Fossil Fuel Expansion Threatens Health

Fossil fuel giants like Shell, BP, ExxonMobil and Chevron have paused, delayed, or turned back previous commitments to reduce oil and gas production or increase renewable energy investments, while private banks ramped up lending to the fossil fuel sector by nearly 30 percent in 2024, the Lancet Countdown report said. 

Meanwhile, the countries pumping out the most greenhouse gases are set to produce more than twice as much oil, gas and coal as allowed by the Paris Agreement targets aimed at averting the worst consequences of climate change.

In 2023, fossil fuel subsidies from the 87 countries that account for more than 90 percent of global greenhouse gas emissions reached $956 billion, a threshold second only to the previous year, when they reached $1.4 trillion, buoyed by energy price spikes after Russia’s invasion of Ukraine. Fifteen of those countries spent more on fossil fuel subsidies in 2023 than on health care, Lancet Countdown authors found. Five countries—Iran, Libya, Algeria, Venezuela and Uzbekistan—spent more than twice their health budget on these subsidies.

And the world does not have the energy or health care infrastructure to meet global needs: 745 million people worldwide lack electricity access, and about 1 billion—or an eighth of the world population—are served by health care facilities that lack reliable power.

“The overriding trend is that people are well aware of what’s going on, because they’re experiencing it, sadly, firsthand.”

— Niheer Dasandi, a professor at the University of Birmingham

The continued expansion of fossil fuels is a threat to public health, Lancet Countdown’s Romanello said. 

“This is a fundamental health determinant,” she said. “If we keep on enabling this expansion of fossil fuels, we know that a healthy future is not possible and that all of these environmental determinants of health will get much worse very, very fast.”

The report’s authors said awareness of climate health impacts may be growing among the public. For one, Google searches for climate change and health went up from 2023 to 2024, particularly in countries most impacted by climate change. This engagement may be driven by more people experiencing climate effects such as disasters, said Dasandi of the University of Birmingham.

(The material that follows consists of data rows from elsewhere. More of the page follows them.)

lemma mem_subgroup_center_iff:
  assumes "P \<subseteq> carrier G"
  shows "z \<in> subgroup_center G P \<longleftrightarrow> z \<in> P \<and> P \<subseteq> centralizer z"
  using assms by (auto simp: subgroup_center_def centralizer_def)

lemma conj_eq_conj_iff:
  assumes "g \<in> carrier G" "h \<in> carrier G" "x \<in> carrier G"
  shows "g \<otimes> x \<otimes> inv g = h \<otimes> x \<otimes> inv h \<longleftrightarrow> inv h \<otimes> g \<in> centralizer x"
proof -
  define c where "c = inv h \<otimes> g"
  have c: "c \<in> carrier G" "g = h \<otimes> c"
    using assms by (simp_all add: c_def flip: m_assoc)
  then have "g \<otimes> x \<otimes> inv g = h \<otimes> (c \<otimes> x \<otimes> inv c) \<otimes> inv h"
    using assms by (simp add: conj_mult)
  then have "g \<otimes> x \<otimes> inv g = h \<otimes> x \<otimes> inv h \<longleftrightarrow> c \<otimes> x \<otimes> inv c = x"
    using assms c by (auto dest: conjugation_is_inj)
  also have "\<dots> \<longleftrightarrow> c \<in> centralizer x"
    using assms c by (auto simp: centralizer_def inv_solve_right')
  finally show ?thesis by (simp add: c_def)
qed

lemma card_conj_preimage:
  assumes "finite (carrier G)" "x \<in> carrier G"
  shows "card {g \<in> carrier G. g \<otimes> x \<otimes> inv g \<in> T}
    = card (conj_class G x \<inter> T) * card (centralizer x)"
proof -
  let ?A = "{g \<in> carrier G. g \<otimes> x \<otimes> inv g \<in> T}" and ?f = "\<lambda>g. g \<otimes> x \<otimes> inv g"
  have "?f ` ?A = conj_class G x \<inter> T" by (auto simp: conj_class_altdef)
  moreover have "card {g \<in> ?A. ?f g = y} = card (centralizer x)" if "y \<in> ?f ` ?A" for y
  proof -
    obtain h where h: "h \<in> ?A" "y = ?f h" using \<open>y \<in> ?f ` ?A\<close> by blast
    have "{g \<in> ?A. ?f g = y} = (\<lambda>c. h \<otimes> c) ` centralizer x"
    proof (intro equalityI subsetI)
      fix g assume "g \<in> {g \<in> ?A. ?f g = y}"
      then have "g \<in> carrier G" "inv h \<otimes> g \<in> centralizer x"
        using h assms(2) conj_eq_conj_iff by auto
      moreover have "g = h \<otimes> (inv h \<otimes> g)"
        using h \<open>g \<in> carrier G\<close> by (simp flip: m_assoc)
      ultimately show "g \<in> (\<lambda>c. h \<otimes> c) ` centralizer x" by blast
    next
      fix g assume "g \<in> (\<lambda>c. h \<otimes> c) ` centralizer x"
      then obtain c where c: "c \<in> centralizer x" "g = h \<otimes> c" by blast
      then have "c \<in> carrier G" by (simp add: centralizer_def)
      then have "?f g = y"
        using c h assms(2) conj_eq_conj_iff[of g h x] by (simp flip: m_assoc)
      then show "g \<in> {g \<in> ?A. ?f g = y}"
        using c h \<open>c \<in> carrier G\<close> by auto
    qed
    moreover have "inj_on (\<lambda>c. h \<otimes> c) (centralizer x)"
      using h by (intro inj_onI) (auto simp: centralizer_def)
    ultimately show ?thesis by (simp add: card_image)
  qed
  ultimately show ?thesis
    using card_eq_card_image_mult[of ?A ?f] assms(1) by simp
qed

lemma card_eq_card_conj_classes_mult:
  assumes "finite S" "S \<subseteq> carrier G" "\<And>x. x \<in> S \<Longrightarrow> card (conj_class G x \<inter> S) = k"
  shows "card S = card (conj_class G ` S) * k"
proof (rule card_eq_card_image_mult[OF assms(1)])
  fix c assume "c \<in> conj_class G ` S"
  then obtain x where x: "x \<in> S" "c = conj_class G x" by blast
  then have "{y \<in> S. conj_class G y = c} = conj_class G x \<inter> S"
    using assms(2) conj_class_eq_iff by blast
  then show "card {y \<in> S. conj_class G y = c} = k"
    using assms(3) x(1) by simp
qed

lemma conjugation_in_hom:
  assumes "g \<in> carrier G"
  shows "(\<lambda>x. g \<otimes> x \<otimes> inv g) \<in> hom G G"
proof (rule homI)
  fix x y assume "x \<in> carrier G" "y \<in> carrier G"
  then show "g \<otimes> (x \<otimes> y) \<otimes> inv g = g \<otimes> x \<otimes> inv g \<otimes> (g \<otimes> y \<otimes> inv g)"
    using assms by (simp add: m_assoc inv_solve_left)
qed (use assms in simp)

lemma generate_conj:
  assumes "g \<in> carrier G" "x \<in> carrier G"
  shows "generate G {g \<otimes> x \<otimes> inv g} = (\<lambda>y. g \<otimes> y \<otimes> inv g) ` generate G {x}"
proof -
  interpret conj: group_hom G G "\<lambda>y. g \<otimes> y \<otimes> inv g"
    using conjugation_in_hom[OF assms(1)] by (simp add: group_hom_def group_hom_axioms_def)
  show ?thesis
    using conj.generate_img[of "{x}"] assms(2) by simp
qed

lemma generate_singleton_eq_image:
  assumes "finite (carrier G)" "z \<in> carrier G"
  shows "generate G {z} = (\<lambda>k. z [^] k) ` {1..ord z}"
proof -
  have "(\<lambda>k. z [^] k) ` {1..ord z} \<subseteq> generate G {z}"
    using generate_pow_on_finite_carrier[OF assms] by auto
  moreover have "card ((\<lambda>k. z [^] k) ` {1..ord z}) = card (generate G {z})"
    using card_image[OF ord_inj'[OF assms(2)]] generate_pow_card[OF assms(2)] by simp
  moreover have "finite (generate G {z})"
    using assms finite_subset[OF generate_incl] by blast
  ultimately show ?thesis by (metis card_subset_eq)
qed

definition cyclic_generators :: "'a \<Rightarrow> 'a set"
  where "cyclic_generators z = {x \<in> carrier G. generate G {x} = generate G {z}}"

lemma mem_cyclic_generators_iff:
  assumes "finite (carrier G)" "z \<in> carrier G"
  shows "x \<in> cyclic_generators z \<longleftrightarrow> x \<in> generate G {z} \<and> ord x = ord z"
proof
  assume "x \<in> cyclic_generators z"
  then have "x \<in> carrier G" "generate G {x} = generate G {z}"
    by (auto simp: cyclic_generators_def)
  then show "x \<in> generate G {z} \<and> ord x = ord z"
    using assms(2) generate.incl[of x "{x}" G] by (simp add: generate_pow_card)
next
  assume x: "x \<in> generate G {z} \<and> ord x = ord z"
  then have "x \<in> carrier G"
    using assms(2) generate_in_carrier[of "{z}"] by blast
  have "generate G {x} \<subseteq> generate G {z}"
    using x assms(2) by (intro generate_subgroup_incl generate_is_subgroup) auto
  moreover have "card (generate G {x}) = card (generate G {z})"
    using x assms(2) \<open>x \<in> carrier G\<close> by (simp flip: generate_pow_card)
  moreover have "finite (generate G {z})"
    using assms finite_subset[OF generate_incl] by blast
  ultimately show "x \<in> cyclic_generators z"
    using \<open>x \<in> carrier G\<close> by (simp add: cyclic_generators_def card_subset_eq)
qed

lemma card_cyclic_generators:
  assumes "finite (carrier G)" "z \<in> carrier G"
  shows "card (cyclic_generators z) = totient (ord z)"
proof -
  have "cyclic_generators z = (\<lambda>k. z [^] k) ` totatives (ord z)"
    using assms by (auto simp: mem_cyclic_generators_iff generate_singleton_eq_image
        pow_ord_eq_ord_iff totatives_def)
  moreover have "inj_on (\<lambda>k. z [^] k) (totatives (ord z))"
    by (rule inj_on_subset[OF ord_inj'[OF assms(2)]]) (auto simp: totatives_def)
  ultimately show ?thesis by (simp add: card_image totient_def)
qed

lemma mem_normalizer_iff:
  assumes "H \<subseteq> carrier G"
  shows "g \<in> normalizer G H \<longleftrightarrow> g \<in> carrier G \<and> (\<lambda>y. g \<otimes> y \<otimes> inv g) ` H = H"
proof -
  have "r_coset G (l_coset G g H) (inv g) = (\<lambda>y. g \<otimes> y \<otimes> inv g) ` H"
    by (auto simp: l_coset_def r_coset_def)
  then show ?thesis
    using assms by (simp add: normalizer_def stabilizer_def)
qed

lemma conj_mem_cyclic_generators_iff:
  assumes "x \<in> cyclic_generators z" "g \<in> carrier G"
  shows "g \<otimes> x \<otimes> inv g \<in> cyclic_generators z \<longleftrightarrow> g \<in> normalizer G (generate G {z})"
proof -
  have x: "x \<in> carrier G" and gen: "generate G {x} = generate G {z}"
    using assms(1) by (auto simp: cyclic_generators_def)
  have "generate G {z} \<subseteq> carrier G"
    using x by (simp flip: gen add: generate_incl)
  moreover have "generate G {g \<otimes> x \<otimes> inv g} = (\<lambda>y. g \<otimes> y \<otimes> inv g) ` generate G {z}"
    using generate_conj[OF assms(2) x] gen by simp
  ultimately show ?thesis
    using assms(2) x by (simp add: cyclic_generators_def mem_normalizer_iff)
qed

lemma centralizer_cyclic_generator:
  assumes "x \<in> cyclic_generators z" "z \<in> carrier G"
  shows "centralizer x = centralizer z"
proof -
  have "x \<in> carrier G" "generate G {x} = generate G {z}"
    using assms(1) by (auto simp: cyclic_generators_def)
  then show ?thesis
    using assms(2) centralizer_generate_subset generate.incl[of _ "{_}" G]
    by (metis equalityI singletonI)
qed

lemma card_conj_class_inter_cyclic_generators:
  assumes "finite (carrier G)" "z \<in> carrier G" "x \<in> cyclic_generators z"
  shows "card (conj_class G x \<inter> cyclic_generators z) * card (centralizer z)
    = card (normalizer G (generate G {z}))"
proof -
  have x: "x \<in> carrier G" using assms(3) by (simp add: cyclic_generators_def)
  have "{g \<in> carrier G. g \<otimes> x \<otimes> inv g \<in> cyclic_generators z} = normalizer G (generate G {z})"
    using conj_mem_cyclic_generators_iff[OF assms(3)] mem_normalizer_iff[OF generate_incl] assms(2)
    by auto
  then show ?thesis
    using card_conj_preimage[OF assms(1) x, of "cyclic_generators z"]
      centralizer_cyclic_generator[OF assms(3,2)] by simp
qed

“The overriding trend is that people are well aware of what’s going on, because they’re experiencing it, sadly, firsthand,” he said.

From 2010 to 2022, researchers found that a global shift away from coal resulted in 160,000 fewer deaths from air pollution each year—although these benefits were mostly felt in highly developed countries. 

In the absence of leadership from governments and large companies, researchers emphasized the importance of grassroots organizing, action from local governments and mass mobilization.

Global movements in recent years have pushed for governments and corporations to adopt renewable energy, end fossil fuel subsidies and stop building and insuring fossil fuel infrastructure. People in multiple countries have also advocated for climate reparations, rights of nature, return of land to Indigenous communities and the human right to a healthy environment, among other forms of climate justice action.

Some of these social movements have seen tangible wins, Dasandi said, pointing out a ruling by the top human rights court in Europe supporting a claim from more than 2,000 Swiss women who argued that their government’s climate policies had fallen short.

“We’re seeing examples of social movements … trying to push for this change, and actually having some positive effect,” Dasandi said.